State education agency of Massachusetts

The Massachusetts Board of Elementary and Secondary Education (BESE) is the state education agency responsible for interpreting and implementing laws relevant to public education in the Commonwealth of Massachusetts. Public education in the Commonwealth is organized according to the regulations adopted by the BESE, which are good faith interpretations of Massachusetts state and federal law. The BESE's responsibilities include granting and renewing charter school applications, developing and implementing the Massachusetts Comprehensive Assessment System (MCAS), submitting yearly budget proposals for public education to the Massachusetts General Court, setting the standards for and certifying teachers, principals, and superintendents, and monitoring—as well as intervening to ameliorate—the achievement of underperforming districts in the Commonwealth.

== History ==

The board was established in 1837 and is the second oldest state board of education in the United States. Governor Edward Everett had recommended the establishment of a board of education in his address to the 1837 legislature's opening session. His brief argument ran as follows:

While nothing can be further from my purpose, than to disparage the common schools as they are, and while a deep sense of personal obligation to them will ever be cherished by me, it must yet be candidly admitted that they are susceptible of great improvements. The school houses might, in many cases, be rendered more commodious. Provision ought to be made for affording the advantages of education, throughout the whole year, to all of a proper age to receive it. Teachers well qualified to give elementary instruction in all the branches of useful knowledge, should be employed; and small school libraries, maps, globes, and requisite scientific apparatus should be furnished. I submit to the Legislature, whether the creation of a board of commissioners of schools, to serve without salary, with authority to appoint a secretary, on a reasonable compensation, to be paid from the school fund, would not be of great utility.

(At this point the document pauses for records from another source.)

(* Let $G=(V,E)$ be a block graph with $n=|V|\ge 2$ vertices, consisting of $r$ blocks whose numbers of vertices are $P_1,\dots,P_r$, and set $$\lambda_G=\sum_{i=1}^r \frac{P_i-1}{P_i}.$$ For a vertex $x\in V$ contained in exactly $s$ blocks, labeled $i_1,\dots,i_s$, set $$\beta_x=\Big(\sum_{j=1}^s \frac{1}{P_{i_j}}\Big)-(s-1).$$ Then the equation $DK=n\mathbf{1}_n$ has a unique solution $K$, and hence the Steinerberger curvature of every vertex $x\in V$ is $$K(x)=\frac{|V|\,\beta_x}{\lambda_G}.$$
   Context: All graphs are finite, simple, connected and undirected, with the combinatorial shortest-path distance $d$. For $G=(V,E)$ with $V=\{v_1,\dots,v_n\}$, let $D=(d(v_i,v_j))_{i,j=1}^n$ be its distance matrix and $\mathbf{1}_n\in\mathbb{R}^n$ the all-ones column vector. The Steinerberger curvature $K\in\mathbb{R}^n$ (written $K_i$ or $K(v_i)$) is defined as follows: if $DK=n\mathbf{1}_n$ has a unique solution, $K$ is that solution; if it has several solutions, $K$ is a solution for which $\min_i K_i$ is maximal; if it has no solution, $K=nD^\dagger\mathbf{1}_n$ with $D^\dagger$ the Moore–Penrose pseudoinverse. A block of a graph is a maximal connected subgraph without a cut vertex (maximal 2-connected subgraph; in particular a bridge together with its endpoints is a block). A block graph is a connected graph all of whose blocks are complete graphs (cliques). *)

theory Defs
  imports "HOL-Analysis.Analysis" "HOL-Library.FuncSet"
begin

definition simple_graph :: "'a set \<Rightarrow> ('a \<Rightarrow> 'a \<Rightarrow> bool) \<Rightarrow> bool" where
  "simple_graph V E \<longleftrightarrow> finite V \<and> (\<forall>u v. E u v \<longrightarrow> E v u) \<and> (\<forall>u. \<not> E u u)
     \<and> (\<forall>u v. E u v \<longrightarrow> u \<in> V \<and> v \<in> V)"

fun walk :: "('a \<Rightarrow> 'a \<Rightarrow> bool) \<Rightarrow> 'a list \<Rightarrow> bool" where
  "walk E [] = False"
| "walk E [x] = True"
| "walk E (x # y # xs) = (E x y \<and> walk E (y # xs))"

definition conn_on :: "('a \<Rightarrow> 'a \<Rightarrow> bool) \<Rightarrow> 'a set \<Rightarrow> bool" where
  "conn_on E S \<longleftrightarrow> (\<forall>u\<in>S. \<forall>v\<in>S. \<exists>xs. walk E xs \<and> hd xs = u \<and> last xs = v \<and> set xs \<subseteq> S)"

definition connected_graph :: "'a set \<Rightarrow> ('a \<Rightarrow> 'a \<Rightarrow> bool) \<Rightarrow> bool" where
  "connected_graph V E \<longleftrightarrow> simple_graph V E \<and> V \<noteq> {} \<and> conn_on E V"

definition gdist :: "('a \<Rightarrow> 'a \<Rightarrow> bool) \<Rightarrow> 'a \<Rightarrow> 'a \<Rightarrow> nat" where
  "gdist E u v = (LEAST k. \<exists>xs. walk E xs \<and> hd xs = u \<and> last xs = v \<and> length xs = Suc k)"

definition nocut_conn :: "('a \<Rightarrow> 'a \<Rightarrow> bool) \<Rightarrow> 'a set \<Rightarrow> bool" where
  "nocut_conn E S \<longleftrightarrow> S \<noteq> {} \<and> conn_on E S \<and> (\<forall>x\<in>S. conn_on E (S - {x}))"

(* a block: maximal connected subgraph without a cut vertex (given by its vertex set;
   maximal such subgraphs are induced) *)
definition is_block :: "'a set \<Rightarrow> ('a \<Rightarrow> 'a \<Rightarrow> bool) \<Rightarrow> 'a set \<Rightarrow> bool" where
  "is_block V E B \<longleftrightarrow> B \<subseteq> V \<and> nocut_conn E B \<and>
     (\<forall>C. B \<subseteq> C \<and> C \<subseteq> V \<and> nocut_conn E C \<longrightarrow> C = B)"

definition blocks :: "'a set \<Rightarrow> ('a \<Rightarrow> 'a \<Rightarrow> bool) \<Rightarrow> 'a set set" where
  "blocks V E = {B. is_block V E B}"

definition block_graph :: "'a set \<Rightarrow> ('a \<Rightarrow> 'a \<Rightarrow> bool) \<Rightarrow> bool" where
  "block_graph V E \<longleftrightarrow> connected_graph V E \<and>
     (\<forall>B \<in> blocks V E. \<forall>u\<in>B. \<forall>v\<in>B. u \<noteq> v \<longrightarrow> E u v)"

definition lambda_G :: "'a set \<Rightarrow> ('a \<Rightarrow> 'a \<Rightarrow> bool) \<Rightarrow> real" where
  "lambda_G V E = (\<Sum>B\<in>blocks V E. (real (card B) - 1) / real (card B))"

definition beta :: "'a set \<Rightarrow> ('a \<Rightarrow> 'a \<Rightarrow> bool) \<Rightarrow> 'a \<Rightarrow> real" where
  "beta V E x = (\<Sum>B\<in>{B\<in>blocks V E. x \<in> B}. 1 / real (card B))
                 - (real (card {B\<in>blocks V E. x \<in> B}) - 1)"

(* Matrices / vectors indexed by the vertex set V (functions, values outside V irrelevant) *)
definition dmat :: "('a \<Rightarrow> 'a \<Rightarrow> bool) \<Rightarrow> 'a \<Rightarrow> 'a \<Rightarrow> real" where
  "dmat E u v = real (gdist E u v)"

definition mmult :: "'a set \<Rightarrow> ('a \<Rightarrow> 'a \<Rightarrow> real) \<Rightarrow> ('a \<Rightarrow> 'a \<Rightarrow> real) \<Rightarrow> 'a \<Rightarrow> 'a \<Rightarrow> real" where
  "mmult V A B = (\<lambda>u w. \<Sum>v\<in>V. A u v * B v w)"

definition mvec :: "'a set \<Rightarrow> ('a \<Rightarrow> 'a \<Rightarrow> real) \<Rightarrow> ('a \<Rightarrow> real) \<Rightarrow> 'a \<Rightarrow> real" where
  "mvec V A x = (\<lambda>u. \<Sum>v\<in>V. A u v * x v)"

definition meq :: "'a set \<Rightarrow> ('a \<Rightarrow> 'a \<Rightarrow> real) \<Rightarrow> ('a \<Rightarrow> 'a \<Rightarrow> real) \<Rightarrow> bool" where
  "meq V A B \<longleftrightarrow> (\<forall>u\<in>V. \<forall>v\<in>V. A u v = B u v)"

(* Moore--Penrose pseudoinverse, characterised by the four Penrose equations *)
definition pinv :: "'a set \<Rightarrow> ('a \<Rightarrow> 'a \<Rightarrow> real) \<Rightarrow> 'a \<Rightarrow> 'a \<Rightarrow> real" where
  "pinv V A = (THE M. M \<in> V \<rightarrow>\<^sub>E V \<rightarrow>\<^sub>E UNIV \<and>
      meq V (mmult V (mmult V A M) A) A \<and> meq V (mmult V (mmult V M A) M) M \<and>
      meq V (mmult V A M) (\<lambda>u v. mmult V A M v u) \<and>
      meq V (mmult V M A) (\<lambda>u v. mmult V M A v u))"

definition curv_eq :: "'a set \<Rightarrow> ('a \<Rightarrow> 'a \<Rightarrow> bool) \<Rightarrow> ('a \<Rightarrow> real) \<Rightarrow> bool" where
  "curv_eq V E K \<longleftrightarrow> (\<forall>u\<in>V. (\<Sum>v\<in>V. dmat E u v * K v) = real (card V))"

definition curv_solutions :: "'a set \<Rightarrow> ('a \<Rightarrow> 'a \<Rightarrow> bool) \<Rightarrow> ('a \<Rightarrow> real) set" where
  "curv_solutions V E = {K \<in> extensional V. curv_eq V E K}"

definition steinerberger_curvature :: "'a set \<Rightarrow> ('a \<Rightarrow> 'a \<Rightarrow> bool) \<Rightarrow> 'a \<Rightarrow> real" where
  "steinerberger_curvature V E =
     (if (\<exists>!K. K \<in> curv_solutions V E) then (THE K. K \<in> curv_solutions V E)
      else if curv_solutions V E \<noteq> {} then
        (SOME K. K \<in> curv_solutions V E \<and>
           (\<forall>K'\<in>curv_solutions V E. Min (K' ` V) \<le> Min (K ` V)))
      else (\<lambda>u. real (card V) * mvec V (pinv V (dmat E)) (\<lambda>_. 1) u))"

end

theory Submission
  imports Defs
begin

text \<open>The gate of a block \<open>B\<close> seen from \<open>u\<close> is the vertex of \<open>B\<close> nearest to \<open>u\<close>. It is
  unique: two nearest vertices and shortest paths from them to \<open>u\<close> would give a walk leaving
  \<open>B\<close> and re-entering it elsewhere, contradicting the maximality of \<open>B\<close>. As \<open>B\<close> is a clique,
  all other vertices of \<open>B\<close> are one step further away. Consequently \<open>d(u,v)\<close> is the number of
  blocks whose gates from \<open>u\<close> and from \<open>v\<close> differ, and every \<open>v \<noteq> u\<close> lies in exactly one
  block whose gate from \<open>u\<close> is not \<open>v\<close>.

  The second fact evaluates \<open>\<Sum>\<^sub>v d(u,v) \<beta>\<^sub>v\<close> block by block as \<open>\<Sum>\<^sub>B (P\<^sub>B - 1)/P\<^sub>B = \<lambda>\<^sub>G\<close>,
  so \<open>|V| \<beta> / \<lambda>\<^sub>G\<close> solves \<open>D K = |V| \<one>\<close>. The first gives
  \<open>x\<^sup>T D x = \<Sum>\<^sub>B ((\<Sum> x)\<^sup>2 - \<Sum>\<^sub>w m\<^sub>B(w)\<^sup>2)\<close>, where \<open>m\<^sub>B(w)\<close> is the mass of \<open>x\<close> on the vertices
  with gate \<open>w\<close> in \<open>B\<close>. If \<open>D x = 0\<close>, then \<open>\<lambda>\<^sub>G \<Sum> x = \<beta>\<^sup>T D x = 0\<close>, so all \<open>m\<^sub>B(w)\<close> vanish,
  and \<open>x\<^sub>v = \<Sum> x - \<Sum>\<^bsub>B \<ni> v\<^esub> (\<Sum> x - m\<^sub>B(v)) = 0\<close>; hence the solution is unique.\<close>

lemma walk_Cons: "walk E (x # xs) \<longleftrightarrow> xs = [] \<or> E x (hd xs) \<and> walk E xs"
  by (cases xs) auto

lemma walk_nonempty: "walk E xs \<Longrightarrow> xs \<noteq> []"
  by (cases xs) auto

lemma walk_append:
  "xs \<noteq> [] \<Longrightarrow> ys \<noteq> [] \<Longrightarrow> walk E (xs @ ys) \<longleftrightarrow> walk E xs \<and> walk E ys \<and> E (last xs) (hd ys)"
  by (induction xs) (auto simp: walk_Cons)

lemma walk_snoc: "walk E xs \<Longrightarrow> E (last xs) v \<Longrightarrow> walk E (xs @ [v])"
  using walk_append[of xs "[v]" E] walk_nonempty[of E xs] by simp

lemma walk_rev:
  assumes "\<forall>u v. E u v \<longrightarrow> E v u" and "walk E xs"
  shows "walk E (rev xs)"
  using assms(2)
proof (induction xs)
  case (Cons x xs)
  show ?case
  proof (cases "xs = []")
    case False
    then have "walk E xs" "E x (hd xs)" using Cons.prems by (auto simp: walk_Cons)
    then show ?thesis using False Cons.IH assms(1) by (simp add: walk_append last_rev hd_rev)
  qed simp
qed simp

definition reachable_in :: "('a \<Rightarrow> 'a \<Rightarrow> bool) \<Rightarrow> 'a set \<Rightarrow> 'a \<Rightarrow> 'a \<Rightarrow> bool" where
  "reachable_in E S u v \<longleftrightarrow> (\<exists>xs. walk E xs \<and> hd xs = u \<and> last xs = v \<and> set xs \<subseteq> S)"

lemma conn_on_iff_reachable_in: "conn_on E S \<longleftrightarrow> (\<forall>u\<in>S. \<forall>v\<in>S. reachable_in E S u v)"
  unfolding conn_on_def reachable_in_def by blast

lemma reachable_in_refl: "u \<in> S \<Longrightarrow> reachable_in E S u u"
  unfolding reachable_in_def by (intro exI[of _ "[u]"]) auto

lemma reachable_in_edge: "E u v \<Longrightarrow> u \<in> S \<Longrightarrow> v \<in> S \<Longrightarrow> reachable_in E S u v"
  unfolding reachable_in_def by (intro exI[of _ "[u, v]"]) auto

lemma reachable_in_mono: "reachable_in E S u v \<Longrightarrow> S \<subseteq> T \<Longrightarrow> reachable_in E T u v"
  unfolding reachable_in_def by blast

lemma reachable_in_trans:
  assumes "reachable_in E S u v" and "reachable_in E S v w"
  shows "reachable_in E S u w"
proof -
  obtain xs where xs: "walk E xs" "hd xs = u" "last xs = v" "set xs \<subseteq> S"
    using assms(1) unfolding reachable_in_def by blast
  obtain y ys where ys: "walk E (y # ys)" "y = v" "last (y # ys) = w" "set (y # ys) \<subseteq> S"
    using assms(2) walk_nonempty unfolding reachable_in_def by (metis list.collapse list.sel(1))
  show ?thesis
  proof (cases "ys = []")
    case True
    then show ?thesis using xs ys unfolding reachable_in_def by auto
  next
    case False
    then have "walk E (xs @ ys)"
      using xs ys walk_nonempty[OF xs(1)] by (simp add: walk_append walk_Cons)
    then show ?thesis
      using xs ys False walk_nonempty[OF xs(1)] unfolding reachable_in_def
      by (intro exI[of _ "xs @ ys"]) auto
  qed
qed

lemma reachable_in_sym:
  assumes "\<forall>u v. E u v \<longrightarrow> E v u" and "reachable_in E S u v"
  shows "reachable_in E S v u"
proof -
  obtain xs where "walk E xs" "hd xs = u" "last xs = v" "set xs \<subseteq> S"
    using assms(2) unfolding reachable_in_def by blast
  then show ?thesis
    using walk_rev[OF assms(1)] walk_nonempty unfolding reachable_in_def
    by (intro exI[of _ "rev xs"]) (auto simp: hd_rev last_rev)
qed

lemma reachable_in_from_hd: "walk E xs \<Longrightarrow> y \<in> set xs \<Longrightarrow> reachable_in E (set xs) (hd xs) y"
proof (induction xs)
  case (Cons x xs)
  show ?case
  proof (cases "y = x")
    case False
    then have ne: "xs \<noteq> []" and w: "walk E xs" "E x (hd xs)"
      using Cons.prems by (auto simp: walk_Cons)
    have "reachable_in E (set (x # xs)) (hd xs) y"
      using Cons False w by (auto intro: reachable_in_mono)
    moreover have "reachable_in E (set (x # xs)) x (hd xs)"
      using w ne by (intro reachable_in_edge) auto
    ultimately show ?thesis by (auto intro: reachable_in_trans)
  qed (simp add: reachable_in_refl)
qed simp

lemma conn_on_walk_set:
  assumes "\<forall>u v. E u v \<longrightarrow> E v u" and "walk E xs"
  shows "conn_on E (set xs)"
  unfolding conn_on_iff_reachable_in
  using reachable_in_from_hd[OF assms(2)] reachable_in_sym[OF assms(1)] reachable_in_trans
  by metis

lemma conn_on_Un:
  assumes "\<forall>u v. E u v \<longrightarrow> E v u" and "conn_on E S" "conn_on E T" "z \<in> S" "z \<in> T"
  shows "conn_on E (S \<union> T)"
proof -
  have from_z: "reachable_in E (S \<union> T) z w" if "w \<in> S \<union> T" for w
    using that assms(2-5) reachable_in_mono[of E S z w "S \<union> T"] reachable_in_mono[of E T z w "S \<union> T"]
    unfolding conn_on_iff_reachable_in by blast
  show ?thesis
    unfolding conn_on_iff_reachable_in
    using from_z reachable_in_sym[OF assms(1)] reachable_in_trans by metis
qed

The legislature's Committee on Education, led by Senate chairman Josiah Quincy Jr. and House chairman James G. Carter, sponsored a bill which was initially soundly defeated in the House. Largely as a result of efforts by Mr. Carter, the bill was eventually passed. Horace Mann, President of the Massachusetts State Senate at the time, was appointed the board's first Secretary. One of Mann's earliest backers was industrialist Edmund Dwight, who subsidized Mann's salary for the duration that he served as secretary, and for several years funded his successor. Dwight had such an influence on the boards establishment that following his death in 1849, the subsequent annual report lauded him saying:
"it was through his exertions, perhaps, more than any other individual, that this Board was established...To obtain the highest order of talent in the office of its Secretary, he at the outset engaged to increase the compensation allowed to that officer by the State to an amount which secured that object...[when] it was feared that it would be difficult to obtain an appropriation from the legislature sufficient for the trial of the experiment, he promptly placed in the hands of the Secretary of the Board the sum of ten thousand dollars to be used for that purpose, on the condition that the State would appropriate an equal amount for the same object."

== Composition ==
The BESE is composed of 11 members: 10 are appointed by the governor, including his Secretary of Education, who serves ex officio, and one is a public school student elected by his or her peers. The 11 voting members are: "the chairman of the student advisory council established under this section; 1 representative of a labor organization selected by the governor from a list of 3 nominees provided by the Massachusetts State Labor Council, AFL–CIO; 1 representative of business or industry selected by the governor with a demonstrated commitment to education; 1 representative of parents of school children selected by the governor from a list of 3 nominees provided by the Massachusetts Parent Teachers Association; and 6 members selected by the governor." The Chairperson of the BOE is appointed by the governor. The secretary of the BESE must be approved by a two thirds vote and serves at the Board's pleasure as the chief executive officer, the Chief State School Officer for Elementary and Secondary Education, and the Commissioner of Elementary and Secondary Education. The Commissioner attends BESE meetings, but does not vote. He is responsible for managing the Massachusetts Department of Elementary and Secondary Education and receives a salary which is determined by the Board.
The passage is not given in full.